Primary clinical objectives
The software should enable users to:
- recognise emotional vulnerability
- identify high-risk internal and external cues
- detect early attentional capture
- interrupt escalating craving or rumination
- practise alternative attentional responses
- reinforce successful self-regulation
- develop long-term resilience.
Proposed User Journey
Phase 1 – Personal Learning
The software learns:
- situations associated with distress
- times of day
- locations
- emotional states
- people
- activities
- digital behaviours
- language associated with cravings.
The objective is to build an individual attentional profile.
Phase 2 – Cue Recognition
The software teaches users to notice: "I've become drawn towards something" before "I need this."
Exercises focus on recognising:
- bodily sensations
- thoughts
- emotional shifts
- attentional narrowing.
Phase 3 – Attentional Reallocation
Once cues are recognised, the software guides users through evidence-based exercises such as:
- attentional shifting
- urge surfing
- cognitive defusion
- motivational interviewing prompts
- breathing exercises
- behavioural substitution
- value-based decision making.
Phase 4 – Reinforcement
Every successful interruption is positively reinforced.
The software visualises:
- cravings successfully interrupted
- time spent disengaging
- confidence
- resilience growth
- reduction in automatic responding.
The emphasis is on mastery rather than symptom scores.
Artificial Intelligence Component
The AI should personalise rather than diagnose and include:
Detect recurring patterns in:
- emotional states
- environmental contexts
- cue exposure
- behavioural sequences.
Personalise interventions according to:
- previous success
- time of day
- motivation
- current emotional state
- historical relapse patterns
- periods of elevated vulnerability
- preferred pathways of support
Provide clinicians with a clinical dashboard of:
- personalised cue maps
- relapse trajectories
- resilience measures
- engagement statistics
- intervention effectiveness
- patient-defined goals.
The software should be safe and secure enough to:
- comply with NHS GDPR requirements
- store the minimum necessary personal information
- explain every AI recommendation
- allow patients full control over data sharing
- comply with NHS data governance requirements
- avoid commercial advertising or attention-maximising design.
Design Philosophy
Unlike commercial digital platforms that compete for user attention, this platform should be explicitly designed to strengthen users' capacity to regulate, control, and redirect attention voluntarily.
Success is measured not by time spent using the application but by increasing independence from it.
Most digital health apps ask:
"How are you feeling today?"
Your theory suggests a different primary question:
"What has captured your attention today?"
That is a subtle but profound shift.
Mood becomes a consequence of attentional allocation rather than the only thing being measured.
The app could build an attentional diary, not just a mood diary.
Imagine a timeline that records:
08:30 – Poor sleep; attention repeatedly drawn to work emails.
10:15 – Noticed urge to check betting app after stressful meeting.

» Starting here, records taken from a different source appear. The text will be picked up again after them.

lemma lift_point_image_inner_pts [simp]: "lift_point V E ` inner_pts e = inner_pts e"
proof -
  have "lift_point V E ` inner_pts e = (\<lambda>p. p) ` inner_pts e"
    using lift_point_inner_pts by (intro image_cong) auto
  then show ?thesis by simp
qed

lemma lift_point_preimage_of_Pt_points:
  assumes "U \<subseteq> range Pt"
  shows "lift_point V E -` U = U"
proof -
  have "lift_point V E x \<in> U \<longleftrightarrow> x \<in> U" for x
    using assms by (cases x) auto
  then show ?thesis by auto
qed

lemma inj_on_lift_point:
  assumes "EF \<subseteq> EG" "faithful V EF V EG"
  shows "inj_on (lift_point V EG) (topspace (freudenthal V EF))"
proof
  fix x y assume x: "x \<in> topspace (freudenthal V EF)" and y: "y \<in> topspace (freudenthal V EF)"
    and eq: "lift_point V EG x = lift_point V EG y"
  show "x = y"
  proof (cases x; cases y)
    fix \<beta>1 \<beta>2 assume xy: "x = End \<beta>1" "y = End \<beta>2"
    then have "\<beta>1 \<in> ends V EF" "\<beta>2 \<in> ends V EF"
      using x y End_in_topspace_freudenthal by auto
    moreover have "coarser_end V EG \<beta>1 = coarser_end V EG \<beta>2" using eq xy by simp
    ultimately show "x = y" using inj_on_coarser_end[OF assms] xy by (auto dest: inj_onD)
  qed (use eq in auto)
qed

lemma edge_interval_preimage_lift_point:
  assumes "graph V EG" "EF \<subseteq> EG" "e \<in> EG" "u \<in> e"
  shows "openin (freudenthal V EF) (lift_point V EG -` edge_interval e u a b \<inter> topspace (freudenthal V EF))"
proof -
  have "lift_point V EG -` edge_interval e u a b = edge_interval e u a b"
    by (rule lift_point_preimage_of_Pt_points) (auto simp: mem_edge_interval)
  moreover have "edge_interval e u a b \<inter> topspace (freudenthal V EF) = {}" if "e \<notin> EF"
    using that edge_if_inner_pts_in_topspace[OF _ _ graph_edge_card[OF assms(1,3)]]
    by (auto simp: mem_edge_interval)
  ultimately show ?thesis
    using openin_edge_interval[of e EF u V a b] openin_subset assms(4) by (cases "e \<in> EF") auto
qed
(* As an identity of formal power series in $q$ with integer coefficients, $$\sum_{n=0}^\infty\big[(q)_\infty-(q)_n\big] =(q)_\infty\sum_{k=1}^\infty\frac{q^k}{1-q^k} +\sum_{r=1}^\infty(-1)^r\Big[(3r-1)q^{r(3r-1)/2}+3r\,q^{r(3r+1)/2}\Big].$$
   Context: For $n$ a nonnegative integer or $n=\infty$, $(a)_n=\prod_{k=1}^n(1-aq^{k-1})$; in particular $(q)_n=\prod_{k=1}^n(1-q^k)$ and $(q)_0=1$. All series are formal power series in $q$ (the sum on the left converges $q$-adically since $(q)_\infty-(q)_n$ is divisible by $q^{n+1}$). *)

theory Defs
  imports "HOL-Computational_Algebra.Formal_Power_Series"
begin

definition qpoch :: "nat \<Rightarrow> int fps" where
  "qpoch n = (\<Prod>k=1..n. 1 - fps_X ^ k)"

text \<open>(q)_infinity: the q-adic limit of (q)_n (fps carries the q-adic metric).\<close>
definition qpoch_inf :: "int fps" where
  "qpoch_inf = lim qpoch"

text \<open>q^k / (1 - q^k): the quotient of q^k by the unit 1 - q^k in Z[[q]] (k >= 1).\<close>
definition qfrac :: "nat \<Rightarrow> int fps" where
  "qfrac k = (THE g. (1 - fps_X ^ k) * g = fps_X ^ k)"

end

(*
  Fine's function F(y) = 1 - \<Sum>n. y^(n+2) q^(n+1) (yq)_n satisfies the functional equation
  F(y) = 1 - y^2 q - y^3 q^2 F(yq); iterating it gives
  F(y) = \<Sum>n. (-1)^n y^(3n) q^(n(3n+1)/2) (1 - y^2 q^(2n+1)).
  Differentiating both sides at y = 1 gives the theorem. The derivative of (yq)_n at y = 1 is
  -(q)_n \<Sum>k<n. q^(k+1)/(1-q^(k+1)), so the terms q^(n+1) (q)_n (1 - \<Sum>k<n. q^(k+1)/(1-q^(k+1)))
  telescope to (q)_N \<Sum>k<N. q^(k+1)/(1-q^(k+1)) and in the limit to (q)_inf times the Lambert
  series; the remaining terms (n+1) q^(n+1) (q)_n have partial sums -\<Sum>n<N. ((q)_N - (q)_n),
  which gives the left-hand side. The right-hand side is the derivative of the pentagonal series.
  Differentiation at y = 1 is done algebraically: y = 1 + t with coefficients in 'a[t], and the
  derivative is the coefficient of t.
*)

theory Submission
  imports Defs "HOL-Computational_Algebra.Polynomial"
begin

unbundle fps_syntax

subsection \<open>$q$-adic series\<close>

lemma fps_X_power_dvd_iff:
  "fps_X ^ m dvd (f :: 'a::comm_ring_1 fps) \<longleftrightarrow> (\<forall>k<m. f $ k = 0)"
proof
  assume "fps_X ^ m dvd f"
  then obtain g where "f = fps_X ^ m * g" by (rule dvdE)
  then show "\<forall>k<m. f $ k = 0" by (simp add: fps_X_power_mult_nth)
next
  assume "\<forall>k<m. f $ k = 0"
  then have "f = fps_X ^ m * fps_shift m f"
    by (auto simp: fps_eq_iff fps_X_power_mult_nth)
  then show "fps_X ^ m dvd f" by (rule dvdI)
qed

lemma fps_X_power_dvd_nth:
  "fps_X ^ m dvd (f :: 'a::comm_ring_1 fps) \<Longrightarrow> k < m \<Longrightarrow> f $ k = 0"
  by (simp add: fps_X_power_dvd_iff)

lemma fps_mult_nth_cong:
  assumes "\<And>j. j \<le> k \<Longrightarrow> f $ j = f' $ j" "\<And>j. j \<le> k \<Longrightarrow> g $ j = g' $ j"
  shows "((f :: 'a::comm_semiring_1 fps) * g) $ k = (f' * g') $ k"
  unfolding fps_mult_nth using assms by (intro sum.cong) auto

lemma LIMSEQ_fps_if_nth_stable:
  fixes f :: "nat \<Rightarrow> 'a::group_add fps"
  assumes "\<And>n k. k < n \<Longrightarrow> f n $ k = g $ k"
  shows "f \<longlonglongrightarrow> g"
  unfolding tendsto_fps_iff eventually_sequentially
  using assms by (metis Suc_le_lessD)

text \<open>Under the hypothesis \<^prop>\<open>fps_X ^ n dvd f n\<close> only \<open>f 0, \<dots>, f k\<close> contribute to the
  coefficient of \<open>X^k\<close>, and this is the \<open>q\<close>-adic sum (see \<open>sums_fps_series\<close>).\<close>

definition fps_series :: "(nat \<Rightarrow> 'a::comm_monoid_add fps) \<Rightarrow> 'a fps" where
  "fps_series f = Abs_fps (\<lambda>k. \<Sum>n\<le>k. f n $ k)"

lemma fps_series_nth: "fps_series f $ k = (\<Sum>n\<le>k. f n $ k)"
  by (simp add: fps_series_def)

Practised attentional shift to a planned task for 3 minutes; urge reduced.
18:20 – Loneliness triggered thoughts of alcohol. Used urge-surfing exercise and messaged a friend instead.
21:00 – Reflected that cravings passed without acting on them; confidence rating increased.

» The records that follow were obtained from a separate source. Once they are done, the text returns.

lemma Comp_factors_through:
  assumes "factors_through C w w'" "w' \<in> Arr C" "f \<in> Arr C" "Cod C w' = Dom C f"
  shows "factors_through C (Comp C f w) (Comp C f w')"
proof -
  obtain a where a: "a \<in> hom C (Dom C w) (Dom C w')" "Comp C w' a = w"
    using assms(1) unfolding factors_through_def by blast
  then have a_arr: "a \<in> Arr C" "Cod C a = Dom C w'" "Dom C a = Dom C w"
    unfolding hom_def by auto
  have "Comp C (Comp C f w') a = Comp C f w"
    using Comp_assoc[OF a_arr(1) assms(2,3) a_arr(2) assms(4)] a(2) by simp
  moreover have w: "w \<in> Arr C" "Dom C w = Dom C a" "Cod C w = Dom C f"
    using Comp_in_Arr[OF a_arr(1) assms(2) a_arr(2)] Dom_Comp[OF a_arr(1) assms(2) a_arr(2)]
      Cod_Comp[OF a_arr(1) assms(2) a_arr(2)] a(2) assms(4) by auto
  moreover have "Dom C (Comp C f w) = Dom C a" "Dom C (Comp C f w') = Cod C a"
    using w a_arr assms(2-4) by (simp_all add: Dom_Comp)
  ultimately show ?thesis
    unfolding factors_through_def hom_def using a_arr assms(2-4) by (auto simp: Comp_in_Arr)
qed

lemma Comp_triv_objs:
  "f \<in> hom C X Y \<Longrightarrow> w \<in> triv_objs C W T X \<Longrightarrow> Comp C f w \<in> triv_objs C W T Y"
  unfolding triv_objs_def hom_def by (auto simp: Comp_in_Arr Dom_Comp Cod_Comp)

lemma Comp_triv_hom_rel:
  assumes f: "f \<in> hom C X Y" and "(w, w') \<in> triv_hom_rel C W T X"
  shows "(Comp C f w, Comp C f w') \<in> triv_hom_rel C W T Y"
proof -
  have w: "w \<in> triv_objs C W T X" "w' \<in> triv_objs C W T X" "factors_through C w w'"
    using assms(2) unfolding triv_hom_rel_iff by blast+
  then have "w' \<in> Arr C" "Cod C w' = Dom C f" "f \<in> Arr C"
    using f unfolding triv_objs_def hom_def by auto
  then show ?thesis
    unfolding triv_hom_rel_iff using Comp_triv_objs[OF f] Comp_factors_through w by blast
qed

end

locale model_cat =
  fixes C :: "('o, 'a) category" and W Cof Fib :: "'a set" and T :: 'o
  assumes model_category: "model_category C W Cof Fib"
    and terminal: "is_terminal C T"

sublocale model_cat \<subseteq> cat
  using model_category unfolding model_category_def by unfold_locales blast

context model_cat
begin

lemma W_subset_Arr: "W \<subseteq> Arr C"
  and Fib_subset_Arr: "Fib \<subseteq> Arr C"
  using model_category unfolding model_category_def by auto

lemma W_Comp: "f \<in> W \<Longrightarrow> g \<in> W \<Longrightarrow> Cod C f = Dom C g \<Longrightarrow> Comp C g f \<in> W"
  using model_category unfolding model_category_def by simp

lemma W_cancel_right:
  assumes "f \<in> W" "g \<in> Arr C" "Cod C f = Dom C g" "Comp C g f \<in> W"
  shows "g \<in> W"
proof -
  have "\<forall>f\<in>Arr C. \<forall>g\<in>Arr C. Cod C f = Dom C g \<longrightarrow> f \<in> W \<and> Comp C g f \<in> W \<longrightarrow> g \<in> W"
    using model_category unfolding model_category_def by blast
  then show ?thesis using assms W_subset_Arr by blast
qed

lemma pullback_exists:
  "g \<in> Arr C \<Longrightarrow> f \<in> Arr C \<Longrightarrow> Cod C g = Cod C f \<Longrightarrow> \<exists>q p. is_pullback C q p g f"
  using model_category unfolding model_category_def has_finite_limits_def by blast

lemma factorization_trivial_cofibration_fibration:
  "a \<in> Arr C \<Longrightarrow> \<exists>j p. j \<in> Cof \<inter> W \<and> p \<in> Fib \<and> Cod C j = Dom C p \<and> a = Comp C p j"
  using model_category unfolding model_category_def by blast

lemma trivial_cofibration_llp: "j \<in> Cof \<inter> W \<Longrightarrow> p \<in> Fib \<Longrightarrow> has_llp C j p"
  using model_category unfolding model_category_def by blast

lemma hom_to_terminal_exists: "A \<in> Obj C \<Longrightarrow> \<exists>t. t \<in> hom C A T"
  and hom_to_terminal_unique: "A \<in> Obj C \<Longrightarrow> t \<in> hom C A T \<Longrightarrow> t' \<in> hom C A T \<Longrightarrow> t = t'"
  using terminal unfolding is_terminal_def by blast+

abbreviation contractible :: "'o \<Rightarrow> bool" where
  "contractible V \<equiv> \<forall>t\<in>hom C V T. t \<in> W"

lemma contractible_Dom:
  assumes v: "v \<in> W" and "contractible (Cod C v)"
  shows "contractible (Dom C v)"
proof
  fix t assume t: "t \<in> hom C (Dom C v) T"
  have "v \<in> Arr C" using v W_subset_Arr by blast
  then obtain t' where t': "t' \<in> hom C (Cod C v) T"
    using hom_to_terminal_exists cod_in_Obj by blast
  then have "Comp C t' v \<in> hom C (Dom C v) T"
    using Comp_in_hom \<open>v \<in> Arr C\<close> unfolding hom_def by auto
  then have "t = Comp C t' v"
    using hom_to_terminal_unique t dom_in_Obj \<open>v \<in> Arr C\<close> by blast
  then show "t \<in> W" using W_Comp v assms(2) t' unfolding hom_def by auto
qed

Over weeks, the person would begin to see not only what they felt, but how attention moved, which cues consistently captured it, and which strategies successfully redirected it. That creates a personalised map of attentional vulnerabilities and strengths.

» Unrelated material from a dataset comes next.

(* For filters $\Xi,\Upsilon\in P_{III*}$, one has $\mathcal C_{\Xi\text{-unc}}=\mathcal C_{\Upsilon\text{-unc}}$ if and only if all four of the following inclusions hold: $(\wedge\Xi)\cap(\vee\overline\Upsilon)\subseteq\vee\overline\Xi$, $\quad\wedge\Xi\subseteq(\vee\overline\Xi)\cup(\wedge\Upsilon)$, $(\wedge\Upsilon)\cap(\vee\overline\Xi)\subseteq\vee\overline\Upsilon$, $\quad\wedge\Upsilon\subseteq(\vee\overline\Upsilon)\cup(\wedge\Xi)$.
   Context: Let $n\ge1$, $L=\{1,\dots,n\}$, and for $i\in L$ let $\mathcal H_i$ be a Hilbert space with $1<\dim\mathcal H_i<\infty$; $\mathcal H_X=\bigotimes_{i\in X}\mathcal H_i$ and $\mathcal D_X$ is the set of density operators on $\mathcal H_X$. $P_I$ is the set of partitions of $L$ ordered by refinement ($\upsilon\preceq\xi$ iff every part of $\upsilon$ lies in a part of $\xi$). For $\xi\in P_I$, $\mathcal D_{\xi\text{-unc}}=\{\varrho\in\mathcal D_L:\varrho=\bigotimes_{X\in\xi}\varrho_X,\ \varrho_X\in\mathcal D_X\}$, and for a set $S\subseteq P_I$, $\mathcal D_{S\text{-unc}}=\bigcup_{\xi\in S}\mathcal D_{\xi\text{-unc}}$. $P_{II}$ is the set of nonempty down-sets of $P_I$, ordered by inclusion. $P_{II*}\subseteq P_{II}$ is a fixed nonempty subset, and $P_{III*}$ is the set of nonempty up-sets of $P_{II*}$. For $\Xi\in P_{III*}$: $\overline\Xi=P_{II*}\setminus\Xi$, $\wedge\Xi=\bigcap_{\boldsymbol\xi\in\Xi}\boldsymbol\xi$, $\vee\overline\Xi=\bigcup_{\boldsymbol\xi'\in\overline\Xi}\boldsymbol\xi'$ (equal to $\emptyset$ if $\overline\Xi=\emptyset$), and $\mathcal C_{\Xi\text{-unc}}=\bigcap_{\boldsymbol\xi'\in\overline\Xi}(\mathcal D_L\setminus\mathcal D_{\boldsymbol\xi'\text{-unc}})\cap\bigcap_{\boldsymbol\xi\in\Xi}\mathcal D_{\boldsymbol\xi\text{-unc}}$. *)

theory Defs
  imports Complex_Main "HOL-Library.Disjoint_Sets" "HOL-Library.FuncSet"
begin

We can't prevent salient cues from appearing—that's how human perception works—but we can train people to recognise when attention has been captured and to decide, deliberately, whether to continue investing that scarce cognitive resource.
We suspect that framing the intervention as building attentional control will align more closely with cognitive science and make the concept more compelling to clinicians, software developers, and NHS commissioners alike.